Deleted Scenes: Leaving The Kitchen

It’s so goddamned hot.

I’d love to write you a Deleted Scenes column this week. Maybe some pithy commentary about Mitt Romney’s taxes, or some drawn out snide thing about how Michael Phelps winning a bunch of Olympic medals means recreational pot use doesn’t automatically destroy your life, or about how the Sikh temple shooting in Wisconsin won’t get as much tv play as Aurora, Colorado’s recent mass killing because the victims weren’t white. I really would. But I can’t. It’s just too hot.

This morning, I walked out of the house and felt the organs in my body begin to shut down. I’m not cut out for the heat. I start to despair and long for the air conditioner. I start to think about ice water to the exclusion of all else. I get terrible headaches, and after a while, I get so overheated that even an icepack on the nuts won’t cool me down. It’s vicious.

All of a sudden, the blues makes sense. Or that trend a few years back of dudes from the South half-wearing their shirts. I’ll be damned if I didn’t take the dog for a walk this afternoon with my t-shirt rolled up over my gut. It happened. Believe it.

Last week in the Midwest, according to the Huffington Post, fish began to die in rivers because the water was too hot. 2012 is the hottest summer since they started keeping track. Here on the East Coast, we’ve had some rain, but it seems to boil off as soon as it hits the pavement. There’s just no relief from it. Every time a storm rolls through, I get sucked into the narrative. Okay, now it’s not going to be as humid. Okay, now the temperature’s going to even out. It never happens.

The worst part is—and I know I said I wasn’t going to talk about politics—but just as nefarious corporate right wing special interests have pushed the American political dialogue so absurdly far into the conservative that birth control was almost an election issue this year, so too have these ridiculous temperatures warped our memories of what summer used to be.

Think about it. Summer in Jersey. It was hot, it was humid, but it was livable, and that’s the line we’ve crossed. You go out in this heat, and you will die. It’s utter fucking madness, and when it didn’t snow this entire last winter, I said to myself, “Well, maybe it’ll balance out with a cooler summer.” No dice. No balance. Only that oppressive kind of humidity that feels like water as it fills your lungs. Only more and more freak storms that provide less and less relief. When Hurricane Irene came rolling through last year, it was a once-in-a-century storm. If our new climate is this tropical, how long can it really be until we get hit again?
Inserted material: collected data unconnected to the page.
lemma has_integral_rho_uexp_poly_theta:
  assumes "\<nu> \<ge> 0" "\<alpha> > -1"
  shows "((\<lambda>t. rho_uexp \<nu> k t * poly_theta P (poly_theta R (\<lambda>s. s powr \<alpha>)) t) has_integral
           (\<Sum>j\<le>degree P. \<Sum>l\<le>degree R.
              coeff P j * coeff R l * pochhammer (\<alpha> + 1) (l + j)
                * mellin_uexp \<nu> k (\<alpha> + 1 + real j + real l))) {0<..}"
proof -
  have "((\<lambda>t. \<Sum>j\<le>degree P. \<Sum>l\<le>degree R. coeff P j * coeff R l * pochhammer (\<alpha> + 1) (l + j)
            * (rho_uexp \<nu> k t * t powr (\<alpha> + 1 + real j + real l - 1)))
      has_integral (\<Sum>j\<le>degree P. \<Sum>l\<le>degree R.
              coeff P j * coeff R l * pochhammer (\<alpha> + 1) (l + j)
                * mellin_uexp \<nu> k (\<alpha> + 1 + real j + real l))) {0<..}"
    using assms by (intro has_integral_sum has_integral_mult_right has_integral_rho_uexp_powr) auto
  then show ?thesis
    by (rule has_integral_eq[rotated]) (simp add: poly_theta_poly_theta_powr sum_distrib_left add_ac mult_ac)
qed

lemma integral_poly_mult_rho_uexp_Suc:
  assumes "\<nu> \<ge> 0" "\<alpha> > -1"
  shows "integral {0<..} (\<lambda>x. poly P x * poly R x * rho_uexp \<nu> (Suc k) x * x powr \<alpha>)
           = Gamma (1 + \<alpha>) * integral {0<..} (\<lambda>t. rho_uexp \<nu> k t * poly_theta P (poly_theta R (\<lambda>s. s powr \<alpha>)) t)"
proof -
  have "\<alpha> + 1 \<notin> \<int>\<^sub>\<le>\<^sub>0"
    using assms(2) by (auto elim!: nonpos_Ints_cases)
  moreover have "Gamma (\<alpha> + 1) > 0"
    using assms(2) by (intro Gamma_real_pos) simp
  ultimately have "Gamma (\<alpha> + 1 + real j + real l) = Gamma (1 + \<alpha>) * pochhammer (\<alpha> + 1) (l + j)" for j l
    using pochhammer_Gamma[of "\<alpha> + 1" "l + j"] by (simp add: add_ac)
  then show ?thesis
    using has_integral_poly_mult_rho_uexp[OF assms, of P R "Suc k"]
      has_integral_rho_uexp_poly_theta[OF assms, of k P R]
    by (simp add: integral_unique mellin_uexp_Suc sum_distrib_left mult_ac)
qed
Sorry, folks. I don’t even have the energy to be an environmental alarmist. Or to be much of anything else. I’m fading fast, and no matter how much I try to regulate the temperature, the simple fact is I’m not at all convinced of my survival. I don’t think I’m going to make it.

You guys go on without me, go read the rest of the issue without Deleted Scenes. Leave me here. I’ll sit under this shady tree and someone will be by soon with water to share, or a gallon of ice cream, or a train ticket to Siberia. Maybe eventually I’ll make my way to Canada and see where the geese go when they’re not crapping on our baseball outfields. Or maybe I’ll stay where I am and just close my eyes for a while, wait for winter to come. I think I can feel it now.